3. Ion detection area

       This area is a zero field area, that is, there is no electric field effect on the flight tube. The purpose of this region is to allow metastable ions to undergo structural rearrangement in this region to achieve the most stable structure. In the study of unimolecular dissociation and kinetic energy release experiments) is extremely important. The flight conduit of our time-of-flight mass spectrometer is a stainless steel cylinder composed of a stainless steel six-way cross tube (6-way cross) and a double-mouth tube (nipple); under the six-way cross tube, ea 6" lectric valves are installed in sequence.  The pumping speed of the molecular turbo pump (Balzers TPU-240) is 240L/s with a backing mechanical pump (Balzers DUO-016B). The background pressure in this area is maintained below 5 x 10-9 Torr.

       

4. Ion detection region

       An ion detector is placed in this area. It is composed of two stacked microchannel (MCP) ion/particle detection plates. Each MCP has a diameter of 33 mm and a thickness of 0.4 mm. There are about 2 x 105 channels on it, the channel diameter is only 10 micrometers and has a bent angle of 12°. In front of the two MCPs is a grounded electrode plate, which ensures that the detected ions are in a flat zero-field (field free) region before entering the MCP. Each channel acts as an electron multiplier. When the ion enters the channel and hits the tube wall, several electrons will escape, and the escaped secondary electrons will repeatedly collide in the channel, and finally the electrons generated by the second MCP are considerable.
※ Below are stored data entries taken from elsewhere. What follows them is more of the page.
lemma nth_in_set_omit:
  assumes "k < length xs" "k \<noteq> i"
  shows "xs!k \<in> set (omit i xs)"
proof (cases "k < i")
  case True
  then have "xs!k \<in> set (take i xs)"
    using assms(1) by (metis in_set_conv_nth length_take min_less_iff_conj nth_take)
  then show ?thesis by (simp add: omit_def)
next
  case False
  then have "xs!k = drop (Suc i) xs ! (k - Suc i)" "k - Suc i < length (drop (Suc i) xs)"
    using assms by auto
  then have "xs!k \<in> set (drop (Suc i) xs)" by (metis nth_mem)
  then show ?thesis by (simp add: omit_def)
qed

lemma omit_set_subset: "set (omit i xs) \<subseteq> set xs"
  by (auto simp: omit_def dest: in_set_takeD in_set_dropD)

lemma cobound_only_last_face:
  assumes "length xs = Suc m" "\<forall>i<m. f (omit i xs) = 0"
  shows "cobound f xs = (-1) ^ m * f (omit m xs)"
  using assms by (simp add: cobound_def)

text \<open>If \<open>n\<close> vectors in \<open>R\<^sup>n\<close> have no common nonzero orthogonal vector, they admit a dual
  family \<open>r\<close>: for each \<open>j\<close>, the other \<open>n - 1\<close> vectors span a proper subspace, and a vector
  orthogonal to it, normalized against the \<open>j\<close>-th vector, is \<open>r j\<close>.\<close>

lemma dual_family:
  fixes us :: "(real^'n) list"
  assumes len: "length us = CARD('n)"
    and spanning: "\<And>r. (\<forall>v\<in>set us. r \<bullet> v = 0) \<Longrightarrow> r = 0"
  obtains r where "\<forall>j<CARD('n). \<forall>k<CARD('n). r j \<bullet> us!k = (if j = k then 1 else 0)"
proof -
  have "\<exists>r. \<forall>k<CARD('n). r \<bullet> us!k = (if j = k then 1 else 0)" if j: "j < CARD('n)" for j
  proof -
    let ?S = "set (omit j us)"
    have "dim ?S \<le> card ?S" by (rule dim_le_card') simp
    also have "\<dots> \<le> length (omit j us)" by (rule card_length)
    also have "\<dots> < DIM(real^'n)" using j len by (simp add: length_omit)
    finally obtain x where x: "x \<noteq> 0" "\<And>y. y \<in> span ?S \<Longrightarrow> orthogonal x y"
      using orthogonal_to_subspace_exists by blast
    have others: "x \<bullet> us!k = 0" if "k < CARD('n)" "k \<noteq> j" for k
    proof -
      have "us!k \<in> ?S"
        using that len by (simp add: nth_in_set_omit)
      then show ?thesis using x(2) span_base by (auto simp: orthogonal_def)
    qed
    have "x \<bullet> us!j \<noteq> 0"
    proof
      assume "x \<bullet> us!j = 0"
      then have "\<forall>v\<in>set us. x \<bullet> v = 0"
        using others len by (metis in_set_conv_nth)
      then show False using spanning x(1) by blast
    qed
    then show ?thesis
      using others by (intro exI[of _ "x /\<^sub>R (x \<bullet> us!j)"]) auto
  qed
  then show ?thesis using that by metis
qed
As a result, a large number of electrons are generated (i.e. forming an electric current). After the current is converted, it is sent to the signal collection device, and then the mass spectrum is generated
       There are two types of signal collection instruments used in this experiment. One is the multichannel signal collector MCS (multichannel scaler, Standford Research System SR430) for collecting ion signals (electric currents) for mass spectrometer. Another one is a digital oscilloscope (LeCroy9450, 350Hz), which is mainly used to measure the intensity of laser light. The MCS signal collector uses the time window as its collection unit, and a basic unit is called a bin (bin widths are 5ns, 40ns, ... 10ms, etc. to choose from). Taking 40 ns as an example, if the length of the recorded signal is determined to be 2K (1K = 1024 bins), the range of the time window is 82 microseconds (40ns x 2 x 1024), and all ions within this flight time can be detected and recorded. The range of the time window can be determined according to the needs of the experiment. The larger ion mass range must be collected, the larger the range of time window must be included. In order to reduce the interference of noise, we usually set the signal discrimination voltage collected by MCS at -15 mV, (15= N x [4 x 107] x 1.6 x 10-19 x 50) MCP gain value N = 4 x 107, that is, when 5 x 107 ions are collected by MCP to amplify its current, the count value of ions will be accumulated beyond -15 mV record it. Digital oscilloscopes can also be used to record flight mass spectra. The recording method is the average of the signals, not the nature of accumulation. This advantage is that it can present the original appearance of the signals, but it cannot accumulate weak ion signals. To improve the reliability of the spectrum. In this experiment, the oscilloscope is used to record the average intensity of the pulsed laser as a light source intensity correction for the spectrum.